Given entries =>
lemma exists_unit_phases_cancelling:
  fixes c s :: real
  assumes c: "c > 0" and s: "0 \<le> s" "s \<le> c" and pow: "2 * c ^ N \<le> (c + s) ^ N"
  shows "\<exists>v w::complex. cmod v = 1 \<and> cmod w = 1
           \<and> (of_real c + of_real s * v) ^ N + (w - 1) * of_real c ^ N = 0"
proof -
  define f where "f \<alpha> = cmod ((of_real c + of_real s * cis \<alpha>) ^ N - of_real c ^ N)" for \<alpha>
  have "(of_real c + of_real s * cis 0) ^ N - of_real c ^ N = complex_of_real ((c + s) ^ N - c ^ N)"
    "(of_real c + of_real s * cis pi) ^ N - of_real c ^ N = complex_of_real ((c - s) ^ N - c ^ N)"
    by simp_all
  moreover have "(c - s) ^ N \<le> c ^ N"
    using s by (intro power_mono) auto
  ultimately have "f pi \<le> c ^ N" "c ^ N \<le> f 0"
    using pow s unfolding f_def by (simp_all only: norm_of_real) auto
  moreover have "continuous_on {0..pi} f"
    unfolding f_def by (intro continuous_intros)
  ultimately obtain \<alpha> where \<alpha>: "f \<alpha> = c ^ N"
    using IVT2'[of f pi "c ^ N" 0] pi_ge_zero by auto
  define w where "w = 1 - (of_real c + of_real s * cis \<alpha>) ^ N / of_real c ^ N"
  have cN: "complex_of_real c ^ N \<noteq> 0"
    using c by simp
  have "w = (of_real c ^ N - (of_real c + of_real s * cis \<alpha>) ^ N) / of_real c ^ N"
    unfolding w_def using cN by (simp add: field_simps)
  then have "cmod w = f \<alpha> / c ^ N"
    unfolding f_def using c by (simp add: norm_divide norm_power norm_minus_commute)
  then have "cmod w = 1"
    using \<alpha> c by simp
  moreover have "(of_real c + of_real s * cis \<alpha>) ^ N + (w - 1) * of_real c ^ N = 0"
    unfolding w_def using cN by (simp add: field_simps)
  ultimately show ?thesis
    by (intro exI[of _ "cis \<alpha>"] exI[of _ w]) simp
qed

lemma exists_antidistinguishing_povm:
  fixes \<theta> :: real
  defines "c \<equiv> cos (\<theta> / 2)" and "s \<equiv> sin (\<theta> / 2)"
  assumes "c > 0" "0 \<le> s" "s \<le> c" "2 * c ^ N \<le> (c + s) ^ N"
  shows "\<exists>M. povm (2 ^ N) {..<2 ^ N} M \<and> (\<forall>k<2 ^ N. braket (qstateN N \<theta> k) (M k) = 0)"
proof -
  obtain v w :: complex where v: "cmod v = 1" and w: "cmod w = 1"
    and cancel: "(of_real c + of_real s * v) ^ N + (w - 1) * of_real c ^ N = 0"
    using exists_unit_phases_cancelling assms by blast
  define u where "u j = (\<Prod>l<N. if bit j l then v else 1) + (if j = 0 then w - 1 else 0)" for j :: nat
  have u: "cmod (u j) = 1" for j
  proof (cases "j = 0")
    case True
    then show ?thesis using w by (simp add: u_def)
  next
    case False
    have "cmod (\<Prod>l<N. if bit j l then v else 1) = 1"
      unfolding prod_norm[symmetric] using v by (intro prod.neutral) simp
    then show ?thesis using v False by (simp add: u_def)
  qed
  have "braket (qstateN N \<theta> k) (dens (phased_hadamard_vec N u k)) = 0" for k
  proof -
    have "dim_vec (qstateN N \<theta> k) = dim_vec (phased_hadamard_vec N u k)"
      by (simp add: phased_hadamard_vec_def qstateN_def)
    from braket_dens[OF this]
    have "braket (qstateN N \<theta> k) (dens (phased_hadamard_vec N u k))
        = of_real (cmod (\<Sum>i<2 ^ N. phased_hadamard_vec N u k $ i * cnj (qstateN N \<theta> k $ i)) ^ 2)"
      by (simp add: phased_hadamard_vec_def)
    also have "(\<Sum>i<2 ^ N. phased_hadamard_vec N u k $ i * cnj (qstateN N \<theta> k $ i))
        = ((of_real c + of_real s * v) ^ N + (w - 1) * of_real c ^ N) / of_real (sqrt (2 ^ N))"
      unfolding phased_hadamard_overlap_qstateN u_def c_def s_def
      by (rule arg_cong[where f="\<lambda>x. x / _"], rule sum_bit_phases_mult_weights)
    finally show ?thesis
      unfolding cancel by simp
  qed
  then show ?thesis
    using povm_phased_hadamard[OF u] by (intro exI[of _ "\<lambda>k. dens (phased_hadamard_vec N u k)"]) simp
qed

section \<open>Classical strategies\<close>

lemma antidist_C_bool: "antidist_C Ms e = 1 - (\<Sum>m\<in>Ms. min (e False m / 2) (e True m / 2))"
  by (simp add: antidist_C_def UNIV_bool)

lemma common_message_if_antidist_C_less_1:
  assumes "antidist_C Ms e < 1"
  shows "\<exists>m\<in>Ms. 0 < e False m \<and> 0 < e True m"
proof (rule ccontr)
  assume "\<not> ?thesis"
  then have "(\<Sum>m\<in>Ms. min (e False m / 2) (e True m / 2)) \<le> 0"
    by (intro sum_nonpos) (auto simp: min_def)
  then show False
    using assms by (simp add: antidist_C_bool)
qed

lemma cprob_term_nonneg:
  assumes "classical_strategy N Ms pe pd" "m \<in> PiE {..<N} Ms" "z < 2 ^ N"
  shows "0 \<le> (\<Prod>i<N. pe i (bit k i) (m i)) * pd m z"
  using assms unfolding classical_strategy_def
  by (intro mult_nonneg_nonneg prod_nonneg) (auto simp: PiE_def Pi_def)

lemma cprob_diag_eq_0_if_succ_C_eq_1:
  assumes cs: "classical_strategy N Ms pe pd" and "succ_C N Ms pe pd = 1" and "k < 2 ^ N"
  shows "cprob N Ms pe pd k k = 0"
proof -
  have "0 \<le> cprob N Ms pe pd k k" if "k < 2 ^ N" for k
    unfolding cprob_def using cprob_term_nonneg[OF cs _ that] by (intro sum_nonneg) auto
  moreover have "(\<Sum>k<2 ^ N. (1 / 2) ^ N * cprob N Ms pe pd k k) = 0"
    using assms(2) unfolding succ_C_def by simp
  ultimately show ?thesis
    using assms(3) by (subst (asm) sum_nonneg_eq_0_iff) auto
qed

Work item =>
Throughout the data above, report every line that contains the string "True".

Expected answer =>
    case True
lemma antidist_C_bool: "antidist_C Ms e = 1 - (\<Sum>m\<in>Ms. min (e False m / 2) (e True m / 2))"
  shows "\<exists>m\<in>Ms. 0 < e False m \<and> 0 < e True m"
  then have "(\<Sum>m\<in>Ms. min (e False m / 2) (e True m / 2)) \<le> 0"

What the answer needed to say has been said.